(* Let $G=(V,E)$ be an oriented graph, $\omega=e^{2\pi i/5}$, and $V'\subseteq V$. Let $E'_1,E'_2,\dots$ be the edge sets $E'\subseteq E$ with $|E'|=|V'|$ such that $(V',E'_j)$ is all-regular, and for each $j$ let $n_\alpha^{(j)},n_\beta^{(j)},n_0^{(j)}$ be the numbers of alpha, beta and vanishing unicyclic components of $(V',E'_j)$ respectively. Then, with $\phi=(1+\sqrt5)/2$, $$\det L_\omega[V']=\sum_j \delta_0\big(n_0^{(j)}\big)\,(\sqrt5)^{\,n_\alpha^{(j)}+n_\beta^{(j)}}\,\phi^{\,n_\alpha^{(j)}-n_\beta^{(j)}},$$ where $\delta_0(x)=1$ if $x=0$ and $0$ otherwise.
   Context: An oriented graph is a finite directed graph with no loops, no multiple arcs, and no pair of opposite arcs. $L_\omega(G)$ is the $V\times V$ matrix with diagonal entry at $u$ the number of arcs incident with $u$ and $(u,v)$ entry ($u\ne v$) $-\omega$ if $u\to v$, $-\overline\omega$ if $v\to u$, $0$ otherwise; $L_\omega[V']$ is its principal submatrix on $V'$. A substructure is $(V',E')$ with $V'\subseteq V$, $E'\subseteq E$ (arcs may leave $V'$). Its connected components are the classes $V'_i$ of vertices of $V'$ joined by paths (ignoring directions) with vertices in $V'$ and arcs in $E'$, together with the sets $E'_i$ of arcs of $E'$ having an endpoint in $V'_i$; it is all-regular if $|V'_i|=|E'_i|$ for all $i$. A unicyclic component is a component whose arcs all have both ends in $V'_i$ and whose underlying graph is connected with exactly one cycle. For a cycle of length $k$, traverse it in the direction for which the number $g$ of arcs against the traversal satisfies $0\le g\le\lfloor k/2\rfloor$ ($g$ = number of negative arcs). A unicyclic component whose cycle has length $k$ and $g$ negative arcs is called alpha if $k-2g\equiv 2,3\pmod 5$, beta if $k-2g\equiv1,4\pmod5$, and vanishing if $k-2g\equiv0\pmod5$. *)

theory Defs
  imports Complex_Main "HOL-Combinatorics.Permutations"
begin

definition oriented_graph :: "'a set \<Rightarrow> ('a \<times> 'a) set \<Rightarrow> bool" where
  "oriented_graph V E \<longleftrightarrow> finite V \<and> E \<subseteq> V \<times> V
     \<and> (\<forall>u. (u, u) \<notin> E) \<and> (\<forall>u v. (u, v) \<in> E \<longrightarrow> (v, u) \<notin> E)"

definition omega5 :: complex where
  "omega5 = exp (2 * pi * \<i> / 5)"

definition Lmat :: "complex \<Rightarrow> ('a \<times> 'a) set \<Rightarrow> 'a \<Rightarrow> 'a \<Rightarrow> complex" where
  "Lmat w E u v =
     (if u = v then of_nat (card {e \<in> E. fst e = u \<or> snd e = u})
      else if (u, v) \<in> E then - w
      else if (v, u) \<in> E then - cnj w
      else 0)"

text \<open>Determinant of the principal submatrix on a finite index set (Leibniz formula,
  exactly as the library's det is defined).\<close>
definition det_on :: "'a set \<Rightarrow> ('a \<Rightarrow> 'a \<Rightarrow> complex) \<Rightarrow> complex" where
  "det_on S M = (\<Sum>p\<in>{p. p permutes S}. of_int (sign p) * (\<Prod>i\<in>S. M i (p i)))"

definition sub_adj :: "'a set \<Rightarrow> ('a \<times> 'a) set \<Rightarrow> ('a \<times> 'a) set" where
  "sub_adj V' E' = {(u, v). u \<in> V' \<and> v \<in> V' \<and> ((u, v) \<in> E' \<or> (v, u) \<in> E')}"

definition sub_conn :: "'a set \<Rightarrow> ('a \<times> 'a) set \<Rightarrow> ('a \<times> 'a) set" where
  "sub_conn V' E' = {(u, v). u \<in> V' \<and> v \<in> V' \<and> (u, v) \<in> (sub_adj V' E')\<^sup>*}"

definition components :: "'a set \<Rightarrow> ('a \<times> 'a) set \<Rightarrow> 'a set set" where
  "components V' E' = V' // sub_conn V' E'"

definition comp_arcs :: "('a \<times> 'a) set \<Rightarrow> 'a set \<Rightarrow> ('a \<times> 'a) set" where
  "comp_arcs E' C = {e \<in> E'. fst e \<in> C \<or> snd e \<in> C}"

definition all_regular :: "'a set \<Rightarrow> ('a \<times> 'a) set \<Rightarrow> bool" where
  "all_regular V' E' \<longleftrightarrow> (\<forall>C \<in> components V' E'. card C = card (comp_arcs E' C))"

definition joined :: "('a \<times> 'a) set \<Rightarrow> 'a \<Rightarrow> 'a \<Rightarrow> bool" where
  "joined A u v \<longleftrightarrow> (u, v) \<in> A \<or> (v, u) \<in> A"

definition cycle_list :: "('a \<times> 'a) set \<Rightarrow> 'a list \<Rightarrow> bool" where
  "cycle_list A vs \<longleftrightarrow> distinct vs \<and> length vs \<ge> 3 \<and>
     (\<forall>j < length vs. joined A (vs ! j) (vs ! ((j + 1) mod length vs)))"

definition cycle_arcs :: "('a \<times> 'a) set \<Rightarrow> 'a list \<Rightarrow> ('a \<times> 'a) set" where
  "cycle_arcs A vs = {e \<in> A. \<exists>j < length vs.
       e = (vs ! j, vs ! ((j + 1) mod length vs)) \<or> e = (vs ! ((j + 1) mod length vs), vs ! j)}"

text \<open>A cycle (as a subgraph, i.e. its arc set).\<close>
definition is_cycle :: "('a \<times> 'a) set \<Rightarrow> ('a \<times> 'a) set \<Rightarrow> bool" where
  "is_cycle A Z \<longleftrightarrow> (\<exists>vs. cycle_list A vs \<and> Z = cycle_arcs A vs)"

definition unicyclic :: "'a set \<Rightarrow> ('a \<times> 'a) set \<Rightarrow> bool" where
  "unicyclic C A \<longleftrightarrow> (\<forall>e \<in> A. fst e \<in> C \<and> snd e \<in> C)
     \<and> (\<forall>u \<in> C. \<forall>v \<in> C. (u, v) \<in> (sub_adj C A)\<^sup>*)
     \<and> (\<exists>!Z. is_cycle A Z)"

definition fwd_count :: "('a \<times> 'a) set \<Rightarrow> 'a list \<Rightarrow> nat" where
  "fwd_count A vs = card {j. j < length vs \<and> (vs ! j, vs ! ((j + 1) mod length vs)) \<in> A}"

text \<open>k - 2g where k is the cycle length and g the number of negative arcs in the traversal
  direction with g \<le> floor(k/2), i.e. g = min(forward, backward).\<close>
definition cyc_val :: "('a \<times> 'a) set \<Rightarrow> 'a list \<Rightarrow> nat" where
  "cyc_val A vs = (let k = length vs; f = fwd_count A vs; g = min (k - f) f in k - 2 * g)"

definition alpha_comp :: "'a set \<Rightarrow> ('a \<times> 'a) set \<Rightarrow> bool" where
  "alpha_comp C A \<longleftrightarrow> unicyclic C A \<and>
     (\<exists>vs. cycle_list A vs \<and> cyc_val A vs mod 5 \<in> {2, 3})"

definition beta_comp :: "'a set \<Rightarrow> ('a \<times> 'a) set \<Rightarrow> bool" where
  "beta_comp C A \<longleftrightarrow> unicyclic C A \<and>
     (\<exists>vs. cycle_list A vs \<and> cyc_val A vs mod 5 \<in> {1, 4})"

definition vanishing_comp :: "'a set \<Rightarrow> ('a \<times> 'a) set \<Rightarrow> bool" where
  "vanishing_comp C A \<longleftrightarrow> unicyclic C A \<and>
     (\<exists>vs. cycle_list A vs \<and> cyc_val A vs mod 5 = 0)"

definition n_alpha :: "'a set \<Rightarrow> ('a \<times> 'a) set \<Rightarrow> nat" where
  "n_alpha V' E' = card {C \<in> components V' E'. alpha_comp C (comp_arcs E' C)}"

definition n_beta :: "'a set \<Rightarrow> ('a \<times> 'a) set \<Rightarrow> nat" where
  "n_beta V' E' = card {C \<in> components V' E'. beta_comp C (comp_arcs E' C)}"

definition n_van :: "'a set \<Rightarrow> ('a \<times> 'a) set \<Rightarrow> nat" where
  "n_van V' E' = card {C \<in> components V' E'. vanishing_comp C (comp_arcs E' C)}"

definition delta0 :: "nat \<Rightarrow> real" where
  "delta0 x = (if x = 0 then 1 else 0)"

end

theory Submission
  imports Defs "HOL-Combinatorics.Cycles" "HOL-Library.FuncSet"
begin

(* Since |omega5| = 1, L_omega = M M^* for the vertex-arc matrix M with entry 1 at the tail and
   -cnj omega5 at the head of every arc.  By Cauchy-Binet, det L_omega[V'] is the sum, over the
   |V'|-sets F of arcs, of |det M[V',F]|^2, and only bijections V' -> F sending each vertex to an
   incident arc contribute.  This weight of (V',F) is multiplicative over its components, vanishes
   unless every component has as many arcs as vertices, and does not change when a pendant vertex
   is deleted together with its arc.  What remains of such a component is a cycle of length k with
   g backward arcs; its two incident bijections give 2 - 2 cos(2 pi (k - 2g) / 5), which is 0,
   sqrt 5 / phi or sqrt 5 * phi according as the component is vanishing, beta or alpha. *)

section \<open>Cauchy--Binet for the incidence factorisation\<close>

(* The entry of M at vertex i and arc e, in the factorisation L_omega = M M^*. *)
definition inc_entry :: "'a \<times> 'a \<Rightarrow> 'a \<Rightarrow> complex" where
  "inc_entry e i = (if i = fst e then 1 else if i = snd e then - cnj omega5 else 0)"

definition ext_bij :: "'a set \<Rightarrow> ('a \<times> 'a) set \<Rightarrow> ('a \<Rightarrow> 'a \<times> 'a) set" where
  "ext_bij S F = {g. g \<in> extensional S \<and> bij_betw g S F}"

definition incident_bij :: "'a set \<Rightarrow> ('a \<times> 'a) set \<Rightarrow> ('a \<Rightarrow> 'a \<times> 'a) set" where
  "incident_bij S F = {g. g \<in> extensional S \<and> bij_betw g S F \<and> (\<forall>i\<in>S. fst (g i) = i \<or> snd (g i) = i)}"

definition bij_perm :: "'a set \<Rightarrow> ('a \<Rightarrow> 'a \<times> 'a) \<Rightarrow> ('a \<Rightarrow> 'a \<times> 'a) \<Rightarrow> 'a \<Rightarrow> 'a" where
  "bij_perm S g h = (\<lambda>x. if x \<in> S then inv_into S h (g x) else x)"

definition bij_term :: "'a set \<Rightarrow> ('a \<Rightarrow> 'a \<times> 'a) \<Rightarrow> ('a \<Rightarrow> 'a \<times> 'a) \<Rightarrow> complex" where
  "bij_term S g h = of_int (sign (bij_perm S g h)) * (\<Prod>i\<in>S. inc_entry (g i) i * cnj (inc_entry (h i) i))"

(* |det M[S,F]|^2, written without choosing an ordering of F: rows and columns of M[S,F] are
   matched by bijections S -> F, and only those sending every vertex to an incident arc count. *)
definition inc_weight :: "'a set \<Rightarrow> ('a \<times> 'a) set \<Rightarrow> complex" where
  "inc_weight S F = (\<Sum>g\<in>incident_bij S F. \<Sum>h\<in>incident_bij S F. bij_term S g h)"

lemma cnj_omega5_mult: "cnj omega5 * omega5 = 1"
proof -
  have "cmod omega5 = 1" unfolding omega5_def by simp
  thus ?thesis using complex_norm_square[of omega5] by (simp add: mult.commute)
qed

lemma inc_entry_mult_cnj:
  "fst e \<noteq> snd e \<Longrightarrow> inc_entry e i * cnj (inc_entry e i) = (if i = fst e \<or> i = snd e then 1 else 0)"
  unfolding inc_entry_def using cnj_omega5_mult by (auto simp: mult.commute)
______________________________
### DESCRIPTION OF THE TASK
Lines above with the word "bijections" should be counted, and the reply is that count alone.

### EXERCISE ANSWER
3